If you pass a function, it must return a value when called with any of the labels (and must produce a set of unique values). A dict or Series can also be used:

  1. In [257]: df.rename(columns={'one': 'foo', 'two': 'bar'},
  2. .....: index={'a': 'apple', 'b': 'banana', 'd': 'durian'})
  3. .....:
  4. Out[257]:
  5. foo bar three
  6. apple -1.101558 1.124472 NaN
  7. banana -0.177289 2.487104 -0.634293
  8. c 0.462215 -0.486066 1.931194
  9. durian NaN -0.456288 -1.222918

If the mapping doesn’t include a column/index label, it isn’t renamed. Note that extra labels in the mapping don’t throw an error.

New in version 0.21.0.

DataFrame.rename() also supports an “axis-style” calling convention, where you specify a single mapper and the axis to apply that mapping to.
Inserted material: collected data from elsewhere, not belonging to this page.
(* Let $N\ge1$ and $L=\sum_{i=0}^N a_i(x)\partial_x^i$ with $a_i(x)=\sum_{j=0}^i a_{i,j}x^j$ complex polynomials, $a_0\equiv0$, $a_i\equiv0$ for $i>N$, and let $\delta_n^{(k)}=\sum_{i=k}^n\binom ni i!\,a_{i,i-k}$ ($0\le k\le n$). Suppose there are $\lambda_n\in\mathbb{C}$ ($n\ge0$, $\lambda_0=0$, $\lambda_n\notin\{0,\lambda_1,\ldots,\lambda_{n-1}\}$ for $n\ge1$) and monic polynomials $P_n(x)=\sum_{i=0}^nb_{n,i}x^i$ of degree $n$ with $\sum_{i=1}^Na_i\partial_x^iP_n=\lambda_nP_n$ for all $n\ge0$. Then for every $n\ge1$ and $k=1,\ldots,n$, $$(-1)^{k+1}\delta_n^{(k)}=\sum_{s=1}^n\Delta_{k,n,s}\,s!\,a_{s,s},$$ where $\Delta_{k,n,s}$ is the determinant of the $k\times k$ matrix $D$ with first row $D_{1,c}=\left[\binom{n-k}{s-1}+\binom{n-k+1}{s-1}+\cdots+\binom{n-k+c-1}{s-1}\right]b_{n-k+c,\,n-k}$ ($1\le c\le k$) and, for $2\le\rho\le k$, $D_{\rho,c}=b_{n-k+c,\;n-k+\rho-1}$.
   Context: Conventions: $b_{m,m}=1$, $b_{m,l}=0$ for $l>m$; $\binom{m}{s-1}=0$ for $m<s-1$; $a_{s,s}=0$ for $s>N$. $\partial_x^i$ is the $i$-th derivative in $x$. *)

theory Defs
  imports "HOL-Computational_Algebra.Polynomial" "Jordan_Normal_Form.Determinant"
begin

definition coef_poly :: "(nat \<Rightarrow> nat \<Rightarrow> complex) \<Rightarrow> nat \<Rightarrow> complex poly" where
  "coef_poly a i = (\<Sum>j\<le>i. monom (a i j) j)"

definition opL :: "nat \<Rightarrow> (nat \<Rightarrow> nat \<Rightarrow> complex) \<Rightarrow> complex poly \<Rightarrow> complex poly" where
  "opL N a p = (\<Sum>i=1..N. coef_poly a i * (pderiv ^^ i) p)"

definition delta :: "(nat \<Rightarrow> nat \<Rightarrow> complex) \<Rightarrow> nat \<Rightarrow> nat \<Rightarrow> complex" where
  "delta a n k = (\<Sum>i=k..n. of_nat (n choose i) * fact i * a i (i - k))"

(* the k x k matrix D (0-indexed rows/columns), with b m l = coeff (P m) l *)
definition Dmat :: "(nat \<Rightarrow> complex poly) \<Rightarrow> nat \<Rightarrow> nat \<Rightarrow> nat \<Rightarrow> complex mat" where
  "Dmat P k n s = mat k k (\<lambda>(r, c).
     if r = 0 then
       (\<Sum>t=0..c. of_nat ((n - k + t) choose (s - 1))) * coeff (P (n - k + c + 1)) (n - k)
     else coeff (P (n - k + c + 1)) (n - k + r))"

definition Delta :: "(nat \<Rightarrow> complex poly) \<Rightarrow> nat \<Rightarrow> nat \<Rightarrow> nat \<Rightarrow> complex" where
  "Delta P k n s = det (Dmat P k n s)"

end

theory Submission
  imports Defs
begin

(*
  Let m = n - k and b q l = coeff (P q) l.  Comparing coefficients of x^m in L P_q = lam_q P_q
  for q = m + 1, ..., n gives

    b q m * (lam_q - delta_m^(0)) = sum_{r=1..k} b q (m + r) * delta_{m+r}^(r),

  and the leading coefficient gives lam_q = delta_q^(0).  By the hockey-stick identity,
  sum_s D_{1,c} s! a_{s,s} = b q m * (delta_q^(0) - delta_m^(0)) for q = m + c, so by linearity of
  the determinant in its first row the right-hand side is the determinant of D with first row
  replaced by sum_r delta_{m+r}^(r) * (b q (m + r))_q.  For r < k this row repeats a row of D;
  for r = k it is the last unit vector (P_q is monic of degree q), whose cofactor is (-1)^(k-1)
  times a unitriangular determinant.
*)

lemma pochhammer_Suc_eq_binomial_fact:
  "pochhammer (Suc m) i = ((m + i) choose i) * fact i"
proof (induction i)
  case (Suc i)
  have "pochhammer (Suc m) (Suc i) = Suc (m + i) * ((m + i) choose i) * fact i"
    by (simp add: pochhammer_Suc Suc.IH algebra_simps)
  also have "Suc (m + i) * ((m + i) choose i) = (Suc (m + i) choose Suc i) * Suc i"
    using Suc_times_binomial_eq[of "m + i" i] by (simp only: mult.commute)
  finally show ?case
    by (simp only: fact_Suc of_nat_id mult.assoc add_Suc_right)
qed simp

lemma higher_pderiv_monom_binomial:
  "(pderiv ^^ i) (monom c l) = monom (of_nat (l choose i) * fact i * c) (l - i)"
  for c :: "'a :: {comm_semiring_1, semiring_no_zero_divisors, semiring_char_0}"
proof (rule poly_eqI)
  fix m
  have "(pochhammer (of_nat (Suc m)) i :: 'a) = of_nat ((m + i) choose i) * fact i"
    unfolding pochhammer_of_nat pochhammer_Suc_eq_binomial_fact by simp
  then show "coeff ((pderiv ^^ i) (monom c l)) m
      = coeff (monom (of_nat (l choose i) * fact i * c) (l - i)) m"
    unfolding coeff_higher_pderiv coeff_monom by (cases "i \<le> l") auto
qed

lemma opL_sum: "opL N a (sum f A) = (\<Sum>x\<in>A. opL N a (f x))"
  unfolding opL_def higher_pderiv_sum sum_distrib_left by (rule sum.swap)

lemma sum_choose_upper_shifted:
  "(m choose Suc j) + (\<Sum>t=0..c. (m + t) choose j) = Suc (m + c) choose Suc j"
  by (induction c) auto

locale degree_preserving_operator =
  fixes N :: nat and a :: "nat \<Rightarrow> nat \<Rightarrow> complex"
  assumes a_deg: "\<And>i j. j > i \<Longrightarrow> a i j = 0"
    and a0: "\<And>j. a 0 j = 0"
    and aN: "\<And>i j. i > N \<Longrightarrow> a i j = 0"
begin

lemma coeff_coef_poly: "coeff (coef_poly a i) j = a i j"
  using a_deg by (auto simp: coef_poly_def coeff_sum)

lemma coeff_opL_monom:
  "coeff (opL N a (monom c l)) m = (if m \<le> l then c * delta a l (l - m) else 0)"
proof -
  define t where
    "t i = (if l \<le> m + i \<and> i \<le> l
      then c * (of_nat (l choose i) * fact i * a i (m + i - l)) else 0)"
    for i
  have "coeff (opL N a (monom c l)) m = (\<Sum>i=1..N. t i)"
    unfolding opL_def coeff_sum higher_pderiv_monom_binomial
    by (intro sum.cong) (auto simp: t_def mult.commute[of "coef_poly a _"] coeff_monom_mult
        coeff_coef_poly Suc_diff_le)
  also have "\<dots> = (if m \<le> l then c * delta a l (l - m) else 0)"
  proof (cases "m \<le> l")
    case True
    have "(\<Sum>i=1..N. t i) = (\<Sum>i=0..N + l. t i)"
      by (rule sum.mono_neutral_left) (auto simp: t_def a0 aN not_less_eq_eq)
    also have "\<dots> = (\<Sum>i=l-m..l. t i)"
      by (rule sum.mono_neutral_right) (auto simp: t_def)
    also have "\<dots> = c * delta a l (l - m)"
      unfolding delta_def sum_distrib_left using True
      by (intro sum.cong) (auto simp: t_def add.commute)
    finally show ?thesis using True by simp
  next
    case False
    then have "t i = 0" for i
      using a_deg[of i "m + i - l"] by (auto simp: t_def)
    with False show ?thesis by simp
  qed
  finally show ?thesis .
qed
  1. In [258]: df.rename({'one': 'foo', 'two': 'bar'}, axis='columns')
  2. Out[258]:
  3. foo bar three
  4. a -1.101558 1.124472 NaN
  5. b -0.177289 2.487104 -0.634293
  6. c 0.462215 -0.486066 1.931194
  7. d NaN -0.456288 -1.222918
  8. In [259]: df.rename({'a': 'apple', 'b': 'banana', 'd': 'durian'}, axis='index')
  9. Out[259]:
  10. one two three
  11. apple -1.101558 1.124472 NaN
  12. banana -0.177289 2.487104 -0.634293
  13. c 0.462215 -0.486066 1.931194
  14. durian NaN -0.456288 -1.222918

The rename() method also provides an inplace named parameter that is by default False and copies the underlying data. Pass inplace=True to rename the data in place.

New in version 0.18.0.

Finally, rename() also accepts a scalar or list-like for altering the Series.name attribute.

  1. In [260]: s.rename("scalar-name")
  2. Out[260]:
  3. a 0.505453
  4. b 1.788110
  5. c -0.405908
  6. d -0.801912
  7. e 0.768460
  8. Name: scalar-name, dtype: float64

The Panel class has a related rename_axis() class which can rename any of its three axes.